The time depends on database size and complexity. A small database (under 1 GB) with straightforward schemas can be migrated in a few hours using pgLoader or AWS DMS. Larger databases with many stored procedures, triggers, and complex data types may take days of planning and testing. Allow extra time for application-level query rewrites and validation testing in a staging environment before production cutover.
What is the biggest difference between MySQL and PostgreSQL SQL syntax?
The most impactful syntax differences are: backtick identifiers in MySQL become double-quoted identifiers in PostgreSQL; AUTO_INCREMENT becomes SERIAL or GENERATED ALWAYS AS IDENTITY; MySQL's lenient GROUP BY becomes strict in PostgreSQL; ENUM types behave differently; and boolean values TRUE/FALSE replace MySQL's 1/0 in many contexts. PostgreSQL is also much stricter about data type casting, so implicit conversions that work in MySQL will often throw errors in PostgreSQL.
Can I migrate from MySQL to PostgreSQL without downtime?
Yes, a near-zero-downtime migration is possible using change data capture (CDC) tools like AWS DMS or Debezium. The approach is: perform an initial bulk load of existing data to PostgreSQL, then set up CDC to stream ongoing changes from MySQL binlog to PostgreSQL, validate data consistency, update the application connection string, and cut over DNS or load balancer in seconds. This keeps the MySQL instance live as a fallback until you are confident in the migration.

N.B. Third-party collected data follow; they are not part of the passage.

lemma mem_convex_hull_Union_slabs:
  fixes B :: "'l::finite set"
  assumes "1 < u" and "B \<noteq> UNIV" and "(real (card (-B)) - 1) / u < K"
    and x_R: "x \<in> R_B u B" and x_sum: "(\<Sum>i\<in>-B. x$i) < K + 1"
  shows "x \<in> convex hull (\<Union>j\<in>-B. {y \<in> R_B u B. (\<Sum>i\<in>-B. y$i) - y$j < K})"
    (is "x \<in> convex hull (\<Union>j\<in>-B. ?slab j)")
proof -
  define v where "v = concentrate_excess (1/u) B x"
  define D where "D = (\<Sum>k\<in>-B. (x$k - 1/u))"
  have excess_pos: "1/u < x$i" if "i \<notin> B" for i
    using assms(1) x_R that by (simp add: mem_R_B)
  note barycentre = concentrate_excess_barycentre[OF assms(2) excess_pos]
  have "0 < D"
    unfolding D_def by (rule barycentre(1))
  have x_eq: "x = (\<Sum>j\<in>-B. ((x$j - 1/u) / D) *\<^sub>R v j)"
    unfolding D_def v_def by (rule barycentre(2))
  have weights: "(\<Sum>j\<in>-B. (x$j - 1/u) / D) = 1"
    using \<open>0 < D\<close> unfolding D_def by (simp flip: sum_divide_distrib)
  have "\<forall>j\<in>-B. \<exists>\<theta>. 0 < \<theta> \<and> (1 - \<theta>) *\<^sub>R x + \<theta> *\<^sub>R v j \<in> ?slab j"
  proof
    fix j assume "j \<in> -B"
    then obtain \<theta> where "0 < \<theta>" "(1 - \<theta>) *\<^sub>R x + \<theta> *\<^sub>R v j \<in> ?slab j"
      using step_towards_concentrate_excess_in_slab[OF assms(1) x_R _ assms(3) x_sum, folded v_def]
      by blast
    then show "\<exists>\<theta>. 0 < \<theta> \<and> (1 - \<theta>) *\<^sub>R x + \<theta> *\<^sub>R v j \<in> ?slab j"
      by (intro exI[of _ \<theta>] conjI)
  qed
  then obtain \<theta> where "\<forall>j\<in>-B. 0 < \<theta> j \<and> (1 - \<theta> j) *\<^sub>R x + \<theta> j *\<^sub>R v j \<in> ?slab j"
    by (rule bchoice[THEN exE])
  then have \<theta>: "\<And>j. j \<notin> B \<Longrightarrow> 0 < \<theta> j"
    and slab: "\<And>j. j \<notin> B \<Longrightarrow> (1 - \<theta> j) *\<^sub>R x + \<theta> j *\<^sub>R v j \<in> ?slab j"
    by auto
  have "0 \<le> (x$j - 1/u) / D" if "j \<notin> B" for j
    using excess_pos[OF that] \<open>0 < D\<close> by simp
  then have "x \<in> convex hull ((\<lambda>j. (1 - \<theta> j) *\<^sub>R x + \<theta> j *\<^sub>R v j) ` (-B))"
    using weights \<theta> by (intro mem_convex_hull_steps_towards[OF _ _ _ x_eq]) auto
  also have "\<dots> \<subseteq> convex hull (\<Union>j\<in>-B. ?slab j)"
    using slab by (intro hull_mono) auto
  finally show ?thesis .
qed

lemma convex_hull_Union_slabs:
  fixes B :: "'l::finite set"
  assumes "1 < u" and "B \<noteq> UNIV" and "(real (card (-B)) - 1) / u < K"
  shows "convex hull (\<Union>j\<in>-B. {x \<in> R_B u B. (\<Sum>i\<in>-B. x$i) - x$j < K})
           = {x \<in> R_B u B. (\<Sum>i\<in>-B. x$i) < K + 1}"
    (is "convex hull (\<Union>j\<in>-B. ?slab j) = ?S")
proof
  have "?slab j \<subseteq> ?S" if "j \<notin> B" for j
  proof
    fix y assume y: "y \<in> ?slab j"
    then have "y$j < 1" using assms(1) that by (simp add: mem_R_B)
    then show "y \<in> ?S" using y by auto
  qed
  then show "convex hull (\<Union>j\<in>-B. ?slab j) \<subseteq> ?S"
    by (intro hull_minimal convex_R_B_sum_less) auto
  show "?S \<subseteq> convex hull (\<Union>j\<in>-B. ?slab j)"
    using mem_convex_hull_Union_slabs[OF assms] by blast
qed

theorem proposition5p3:
  fixes n :: nat and u u' s :: real and B :: "'l::finite set"
  assumes "n \<ge> 1"
    and "1 < u" and "u \<le> 2" and "1/u + 1/u' = 1"
    and "s > real CARD('l) * real n / u"
    and "B \<subset> UNIV"
  shows "convex hull (\<Union>l0\<in>UNIV - B. S_B_l0 u n s B l0) = S_B u u' n s B"
proof -
  define K where "K = s / n - (real (card B) + 1) / u"
  have "real CARD('l) / u < s / n"
    using assms(1,5) by (simp add: field_simps)
  moreover have "real CARD('l) = real (card (-B)) + real (card B)"
    using card_Un_disjoint[of "-B" B] by simp
  ultimately have "(real (card (-B)) - 1) / u < K"
    unfolding K_def by (simp add: diff_divide_distrib add_divide_distrib)
  then have "convex hull (\<Union>j\<in>-B. {x \<in> R_B u B. (\<Sum>i\<in>-B. x$i) - x$j < K})
      = {x \<in> R_B u B. (\<Sum>i\<in>-B. x$i) < K + 1}"
    using assms(2,6) by (intro convex_hull_Union_slabs) auto
  moreover have "(\<Union>l0\<in>UNIV - B. S_B_l0 u n s B l0)
      = (\<Union>j\<in>-B. {x \<in> R_B u B. (\<Sum>i\<in>-B. x$i) - x$j < K})"
    unfolding Compl_eq_Diff_UNIV[symmetric] K_def by (intro SUP_cong refl) (simp add: S_B_l0_eq)
  moreover have "S_B u u' n s B = {x \<in> R_B u B. (\<Sum>i\<in>-B. x$i) < K + 1}"
    unfolding K_def by (rule S_B_eq[OF assms(4)])
  ultimately show ?thesis
    by simp
qed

Does AI2SQL help with MySQL to PostgreSQL query conversion?
Yes. AI2SQL can translate MySQL queries to PostgreSQL syntax instantly. You paste a MySQL query, specify the target dialect as PostgreSQL, and AI2SQL rewrites backtick identifiers, converts AUTO_INCREMENT to SERIAL, adjusts GROUP BY strictness, rewrites date functions like NOW() and DATE_FORMAT, and handles LIMIT/OFFSET correctly. This is especially useful when you have hundreds of queries in application code that need to be reviewed and updated during migration.